Further, Shanty Creek acknowledged that it was familiar with the FIS rules including the rule
applicable here.1 Accordingly, it is Shanty Creek that was in the best position to warn the
ultimate user of the dangers associated with solidly affixing a banner between the two poles of
the slalom gate, or to avoid those dangers by affixing the banner properly.2 See Antcliff v State
Employees Credit Union, 414 Mich 624, 639; 327 NW2d 814 (1982) (concluding that the two
plaintiffs who were injured when the scaffolding on which they worked collapsed were charged
“with full appreciation of the danger of inadequately supporting the scaffold” given “their
knowledge and experience as riggers”).
We affirm.
/s/ Richard A. Bandstra
/s/ Bill Schuette
1
We do not find dispositive the fact that the FIS rule in issue was not directly applicable to the
Schuss Mountain event.

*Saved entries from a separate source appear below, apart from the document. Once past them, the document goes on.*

(* Let $(X,\mathcal{B})$ be a partial STS$(v)$ with $v>5$ and $\mathcal{B}\neq\emptyset$. Consider the following procedure: (1) choose a block $\{b,c,e\}\in\mathcal{B}$, a point $a\notin\{b,c,e\}$, and a point $d\notin\{a,b,c,e\}$; (2) set $x_1=a$, $x_2=b$, $x_3=c$, $x_4=d$, $x_5=e$; (3) for $i=6,\dots,v-1$ in turn, let $x_i$ be any point of $X$ distinct from $x_1,\dots,x_{i-1}$ and distinct from $\mathrm{third}(x_{i-2},x_{i-1})$ (if the latter is defined); (4) let $x_v$ be the unique point distinct from $x_1,\dots,x_{v-1}$; (5) if $\{x_{v-2},x_{v-1},x_v\}\in\mathcal{B}$, interchange $x_1$ and $x_v$; (6) output $\pi=[x_1\,x_2\,\cdots\,x_v]$. Then for every possible sequence of choices, step (3) can always be carried out, and the output $\pi$ is a $3$-good sequencing for $(X,\mathcal{B})$.
   Context: A partial Steiner triple system of order $v$, PSTS$(v)$, is a pair $(X,\mathcal{B})$ where $X$ is a set of $v$ points and $\mathcal{B}$ is a set of 3-subsets of $X$ (blocks) such that every pair of distinct points lies in at most one block. For distinct points $x,y$ lying in a common block, $\mathrm{third}(x,y)$ denotes the unique $z$ with $\{x,y,z\}\in\mathcal{B}$; if $x,y$ lie in no block, $\mathrm{third}(x,y)$ is undefined and imposes no restriction. A sequencing of $X$ is an ordering of all points of $X$, each exactly once; it is $3$-good if no three consecutive points form a block. *)

theory Defs
  imports Main
begin

definition psts :: "'a set \<Rightarrow> 'a set set \<Rightarrow> bool" where
  "psts X B \<longleftrightarrow> finite X \<and> (\<forall>b\<in>B. b \<subseteq> X \<and> card b = 3) \<and>
     (\<forall>x y b1 b2. x \<noteq> y \<and> b1 \<in> B \<and> b2 \<in> B \<and> x \<in> b1 \<and> y \<in> b1 \<and> x \<in> b2 \<and> y \<in> b2 \<longrightarrow> b1 = b2)"

definition third_defined :: "'a set set \<Rightarrow> 'a \<Rightarrow> 'a \<Rightarrow> bool" where
  "third_defined B x y \<longleftrightarrow> x \<noteq> y \<and> (\<exists>b\<in>B. x \<in> b \<and> y \<in> b)"

definition third :: "'a set set \<Rightarrow> 'a \<Rightarrow> 'a \<Rightarrow> 'a" where
  "third B x y = (THE z. {x, y, z} \<in> B)"

definition avoids_third :: "'a set set \<Rightarrow> 'a \<Rightarrow> 'a \<Rightarrow> 'a \<Rightarrow> bool" where
  "avoids_third B p q y \<longleftrightarrow> (third_defined B p q \<longrightarrow> y \<noteq> third B p q)"

text \<open>A list [x_1,...,x_k] (0-indexed) that can arise from steps (1)-(3) of the procedure.\<close>
definition valid_prefix :: "'a set \<Rightarrow> 'a set set \<Rightarrow> 'a list \<Rightarrow> bool" where
  "valid_prefix X B xs \<longleftrightarrow> distinct xs \<and> set xs \<subseteq> X \<and> 5 \<le> length xs \<and>
     {xs ! 1, xs ! 2, xs ! 4} \<in> B \<and>
     (\<forall>j. 5 \<le> j \<and> j < length xs \<longrightarrow> avoids_third B (xs ! (j - 2)) (xs ! (j - 1)) (xs ! j))"

definition final_output :: "'a set set \<Rightarrow> 'a list \<Rightarrow> 'a \<Rightarrow> 'a list" where
  "final_output B xs y = (let ys = xs @ [y]; v = length ys in
     if {ys ! (v - 3), ys ! (v - 2), ys ! (v - 1)} \<in> B
     then ys[0 := ys ! (v - 1), v - 1 := ys ! 0] else ys)"

definition three_good :: "'a set \<Rightarrow> 'a set set \<Rightarrow> 'a list \<Rightarrow> bool" where
  "three_good X B pi \<longleftrightarrow> distinct pi \<and> set pi = X \<and>
     (\<forall>j. j + 2 < length pi \<longrightarrow> {pi ! j, pi ! (j + 1), pi ! (j + 2)} \<notin> B)"

end

theory Submission
  imports Defs
begin

text \<open>No three consecutive points of the prefix x1 ... x(v-1) form a block: from x6 on this is
  the rule of step (3), and among x1 ... x5 each consecutive triple shares two points with the block
  {x2, x3, x5} without being equal to it, which is impossible as two blocks meet in at most one
  point. Hence after appending xv only the final triple can be a block. If it is, swapping x1 and xv
  destroys it (it would become a second block through x(v-2), x(v-1)), and the new first triple
  {xv, x2, x3} cannot be a block since its third point would have to be x5.\<close>

lemma psts_finite: "psts X B \<Longrightarrow> finite X"
  unfolding psts_def by (elim conjE)

lemma psts_block_distinct:
  assumes "psts X B" "{p, q, r} \<in> B"
  shows "p \<noteq> q" "q \<noteq> r" "p \<noteq> r"
proof -
  have "card {p, q, r} = 3" using assms unfolding psts_def by blast
  then show "p \<noteq> q" "q \<noteq> r" "p \<noteq> r" by (auto simp: card_insert_if split: if_splits)
qed

lemma psts_block_unique:
  assumes "psts X B" "b1 \<in> B" "b2 \<in> B" "p \<noteq> q" "p \<in> b1" "q \<in> b1" "p \<in> b2" "q \<in> b2"
  shows "b1 = b2"
proof -
  have "\<forall>x y b1 b2. x \<noteq> y \<and> b1 \<in> B \<and> b2 \<in> B \<and> x \<in> b1 \<and> y \<in> b1 \<and> x \<in> b2 \<and> y \<in> b2 \<longrightarrow> b1 = b2"
    using assms(1) unfolding psts_def by (elim conjE)
  then show ?thesis using assms(2-) by blast
qed

lemma psts_third_unique:
  assumes P: "psts X B" and r: "{p, q, r} \<in> B" and s: "{p, q, s} \<in> B"
  shows "r = s"
proof -
  have "{p, q, r} = {p, q, s}"
    using psts_block_unique[OF P r s psts_block_distinct(1)[OF P r]] by simp
  then have "r \<in> {p, q, s}" by (metis insertI1 insertI2)
  then show ?thesis using psts_block_distinct[OF P r] by auto
qed

lemma third_of_block:
  assumes P: "psts X B" and b: "{p, q, r} \<in> B"
  shows "third_defined B p q" "third B p q = r"
proof -
  show "third_defined B p q"
    using b psts_block_distinct(1)[OF P b] unfolding third_defined_def by blast
  show "third B p q = r"
    unfolding third_def
  proof (rule the_equality)
    show "{p, q, r} \<in> B" by (fact b)
    show "z = r" if "{p, q, z} \<in> B" for z using psts_third_unique[OF P b that] by simp
  qed
qed

lemma avoids_third_not_block:
  assumes P: "psts X B" and "avoids_third B p q r"
  shows "{p, q, r} \<notin> B"
proof
  assume "{p, q, r} \<in> B"
  from third_of_block[OF P this] show False
    using \<open>avoids_third B p q r\<close> unfolding avoids_third_def by simp
qed

lemma valid_prefix_no_block_start:
  assumes P: "psts X B" and V: "valid_prefix X B xs" and j: "j < 3"
  shows "{xs ! j, xs ! (j + 1), xs ! (j + 2)} \<notin> B"
proof
  assume T: "{xs ! j, xs ! (j + 1), xs ! (j + 2)} \<in> B"
  have D: "distinct xs" and L: "5 \<le> length xs" and E: "{xs ! 1, xs ! 2, xs ! 4} \<in> B"
    using V unfolding valid_prefix_def by auto
  have neq: "xs ! i \<noteq> xs ! k" if "i < 5" "k < 5" "i \<noteq> k" for i k
    using D L that nth_eq_iff_index_eq by fastforce
  consider "j = 0" | "j = 1" | "j = 2" using j by linarith
  then show False
  proof cases
    case 1
    then have "{xs ! 1, xs ! 2, xs ! 0} \<in> B" using T by (simp add: insert_commute numeral_2_eq_2)
    then have "xs ! 0 = xs ! 4" by (rule psts_third_unique[OF P _ E])
    then show False using neq[of 0 4] by simp
  next
    case 2
    then have "{xs ! 1, xs ! 2, xs ! 3} \<in> B" using T by (simp add: numeral_eq_Suc)
    then have "xs ! 3 = xs ! 4" by (rule psts_third_unique[OF P _ E])
    then show False using neq[of 3 4] by simp
  next
    case 3
    then have "{xs ! 2, xs ! 4, xs ! 3} \<in> B" using T by (simp add: insert_commute)
    moreover have "{xs ! 2, xs ! 4, xs ! 1} \<in> B" using E by (simp add: insert_commute)
    ultimately have "xs ! 3 = xs ! 1" by (rule psts_third_unique[OF P])
    then show False using neq[of 3 1] by simp
  qed
qed

lemma valid_prefix_no_block:
  assumes P: "psts X B" and V: "valid_prefix X B xs" and j: "j + 2 < length xs"
  shows "{xs ! j, xs ! (j + 1), xs ! (j + 2)} \<notin> B"
proof (cases "j < 3")
  case True
  then show ?thesis by (rule valid_prefix_no_block_start[OF P V])
next
  case False
  then have "avoids_third B (xs ! j) (xs ! (j + 1)) (xs ! (j + 2))"
    using V j unfolding valid_prefix_def
    by (auto dest!: spec[of _ "j + 2"] simp: numeral_eq_Suc)
  then show ?thesis by (rule avoids_third_not_block[OF P])
qed

lemma exists_point_outside_avoiding:
  assumes "finite X" "A \<subseteq> X" "card A + 1 < card X"
  shows "\<exists>y\<in>X. y \<notin> A \<and> y \<noteq> z"
proof (rule ccontr)
  assume "\<not> ?thesis"
  then have "X \<subseteq> insert z A" by blast
  have "finite A" using assms finite_subset by blast
  have "card X \<le> card (insert z A)"
    using \<open>X \<subseteq> insert z A\<close> \<open>finite A\<close> by (intro card_mono) auto
  also have "\<dots> \<le> card A + 1" using \<open>finite A\<close> by (simp add: card_insert_if)
  finally show False using assms by linarith
qed

lemma final_output_eq:
  assumes "2 \<le> length xs"
  shows "final_output B xs y =
    (if {xs ! (length xs - 2), xs ! (length xs - 1), y} \<in> B then y # tl xs @ [hd xs] else xs @ [y])"
proof -
  obtain x xt where xs: "xs = x # xt" using assms by (cases xs) auto
  have last_triple: "(xs @ [y]) ! (length xs + 1 - 3) = xs ! (length xs - 2)"
       "(xs @ [y]) ! (length xs + 1 - 2) = xs ! (length xs - 1)"
    using assms by (auto simp: nth_append)
  have "(xs @ [y]) ! 0 = hd xs" by (simp add: xs)
  have "(xs @ [y])[0 := y, length xs := hd xs] = y # tl xs @ [hd xs]"
    by (simp add: xs list_update_append)
  then show ?thesis
    unfolding final_output_def Let_def using last_triple \<open>(xs @ [y]) ! 0 = hd xs\<close> by simp
qed

lemma nth_swap_ends:
  assumes "0 < i" "i < length xs"
  shows "(y # tl xs @ [z]) ! i = xs ! i"
  using assms by (cases xs) (auto simp: nth_append nth_Cons')

lemma append_fresh_enumerates:
  assumes "finite X" "set xs \<subseteq> X" "distinct xs" "y \<in> X" "y \<notin> set xs"
    and "length xs = card X - 1"
  shows "distinct (xs @ [y])" "set (xs @ [y]) = X"
proof -
  show "distinct (xs @ [y])" using assms by simp
  have "card X > 0" using assms card_gt_0_iff by blast
  then have "card (set (xs @ [y])) = card X"
    using assms distinct_card[OF \<open>distinct (xs @ [y])\<close>] by simp
  then show "set (xs @ [y]) = X" using assms by (intro card_subset_eq) auto
qed

lemma three_good_append_last:
  assumes P: "psts X B" and V: "valid_prefix X B xs"
    and y: "y \<in> X" "y \<notin> set xs" and len: "length xs = card X - 1"
    and last: "{xs ! (length xs - 2), xs ! (length xs - 1), y} \<notin> B"
  shows "three_good X B (xs @ [y])"
  unfolding three_good_def
proof (intro conjI allI impI)
  have fin: "finite X" using psts_finite[OF P] .
  have S: "set xs \<subseteq> X" and D: "distinct xs" using V unfolding valid_prefix_def by auto
  show "distinct (xs @ [y])" "set (xs @ [y]) = X"
    using append_fresh_enumerates[OF fin S D y len] by auto
  fix j assume j: "j + 2 < length (xs @ [y])"
  show "{(xs @ [y]) ! j, (xs @ [y]) ! (j + 1), (xs @ [y]) ! (j + 2)} \<notin> B"
  proof (cases "j + 2 < length xs")
    case True
    then show ?thesis using valid_prefix_no_block[OF P V] by (simp add: nth_append)
  next
    case False
    then have "j = length xs - 2" "j + 1 = length xs - 1" "j + 2 = length xs" using j by auto
    then show ?thesis using last j by (simp add: nth_append)
  qed
qed

lemma three_good_swap_ends:
  assumes P: "psts X B" and V: "valid_prefix X B xs"
    and y: "y \<in> X" "y \<notin> set xs" and len: "length xs = card X - 1"
    and last: "{xs ! (length xs - 2), xs ! (length xs - 1), y} \<in> B"
  shows "three_good X B (y # tl xs @ [hd xs])"
  unfolding three_good_def
proof (intro conjI allI impI)
  let ?zs = "y # tl xs @ [hd xs]"
  define n where "n = length xs"
  have fin: "finite X" using psts_finite[OF P] .
  have S: "set xs \<subseteq> X" and D: "distinct xs" and n5: "5 \<le> n"
    and E: "{xs ! 1, xs ! 2, xs ! 4} \<in> B"
    using V unfolding valid_prefix_def n_def by auto
  obtain x xt where xs: "xs = x # xt" using n5 n_def by (cases xs) auto
  have "set ?zs = set (xs @ [y])" "distinct ?zs = distinct (xs @ [y])"
    using xs by auto
  then show "distinct ?zs" "set ?zs = X"
    using append_fresh_enumerates[OF fin S D y len] by simp_all
  have zs: "?zs ! i = xs ! i" if "0 < i" "i < n" for i
    using nth_swap_ends[of i xs y "hd xs"] that unfolding n_def by simp
  fix j assume j: "j + 2 < length ?zs"
  then have jn: "j + 2 \<le> n" using n5 n_def by auto
  show "{?zs ! j, ?zs ! (j + 1), ?zs ! (j + 2)} \<notin> B"
  proof
    assume T: "{?zs ! j, ?zs ! (j + 1), ?zs ! (j + 2)} \<in> B"
    consider "j = 0" | "0 < j" "j + 2 < n" | "j + 2 = n" using jn by linarith
    then show False
    proof cases
      case 1
      then have "{xs ! 1, xs ! 2, y} \<in> B" using T zs[of 1] zs[of 2] n5 by (simp add: insert_commute)
      then have "y = xs ! 4" by (rule psts_third_unique[OF P _ E])
      then show False using y n5 n_def by simp
    next
      case 2
      then have "?zs ! j = xs ! j" "?zs ! (j + 1) = xs ! (j + 1)" "?zs ! (j + 2) = xs ! (j + 2)"
        by (intro zs; simp)+
      then have "{xs ! j, xs ! (j + 1), xs ! (j + 2)} \<in> B" using T by (simp only:)
      then show False using valid_prefix_no_block[OF P V] 2 n_def by simp
    next
      case 3
      have "?zs ! j = xs ! j" "?zs ! (j + 1) = xs ! (j + 1)" using 3 n5 by (intro zs; simp)+
      moreover have "?zs ! (j + 2) = hd xs" using 3 by (simp add: xs n_def nth_append)
      ultimately have "{xs ! j, xs ! (j + 1), hd xs} \<in> B" using T by (simp only:)
      moreover have "length xs - 2 = j" "length xs - 1 = j + 1" using 3 n_def by auto
      then have "{xs ! j, xs ! (j + 1), y} \<in> B" using last by (simp only:)
      ultimately have "hd xs = y" by (rule psts_third_unique[OF P])
      then show False using y by (simp add: xs)
    qed
  qed
qed

lemma valid_prefix_extensible:
  assumes P: "psts X B" and V: "valid_prefix X B xs" and short: "length xs < card X - 1"
  shows "\<exists>y\<in>X. y \<notin> set xs \<and> avoids_third B p q y"
proof -
  have S: "set xs \<subseteq> X" and D: "distinct xs" using V unfolding valid_prefix_def by simp_all
  have "card (set xs) + 1 < card X" using short distinct_card[OF D] by linarith
  then obtain y where "y \<in> X" "y \<notin> set xs" "y \<noteq> third B p q"
    using exists_point_outside_avoiding[OF psts_finite[OF P] S] by blast
  then show ?thesis unfolding avoids_third_def by blast
qed

lemma final_output_three_good:
  assumes P: "psts X B" and V: "valid_prefix X B xs"
    and y: "y \<in> X" "y \<notin> set xs" and len: "length xs = card X - 1"
  shows "three_good X B (final_output B xs y)"
proof -
  have "2 \<le> length xs" using V unfolding valid_prefix_def by simp
  note output_eq = final_output_eq[OF this, of B y]
  show ?thesis
  proof (cases "{xs ! (length xs - 2), xs ! (length xs - 1), y} \<in> B")
    case True
    then show ?thesis
      unfolding output_eq if_P[OF True] by (rule three_good_swap_ends[OF P V y len])
  next
    case False
    then show ?thesis
      unfolding output_eq if_not_P[OF False] by (rule three_good_append_last[OF P V y len])
  qed
qed

theorem mainTheorem4:
  fixes X :: "'a set" and B :: "'a set set"
  assumes "psts X B" and "card X > 5" and "B \<noteq> {}"
  shows "(\<forall>xs. valid_prefix X B xs \<and> length xs < card X - 1 \<longrightarrow>
            (\<exists>y\<in>X. y \<notin> set xs \<and> avoids_third B (xs ! (length xs - 2)) (xs ! (length xs - 1)) y))
       \<and> (\<forall>xs y. valid_prefix X B xs \<and> length xs = card X - 1 \<and> y \<in> X \<and> y \<notin> set xs \<longrightarrow>
            three_good X B (final_output B xs y))"
  using valid_prefix_extensible[OF assms(1)] final_output_three_good[OF assms(1)] by blast

end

Regardless of whether the terrain was large enough and steep enough to
set up a giant slalom or Super-G race, the warning regarding the construction of the gates was
still applicable. The danger associated with this construction would be present whenever such a
gate was constructed for use in a downhill skiing event.
2
Whether the ultimate user is identified as the actor setting up the course or plaintiff, the
strictures of the sophisticated user doctrine still mediate in Reliable’s favor.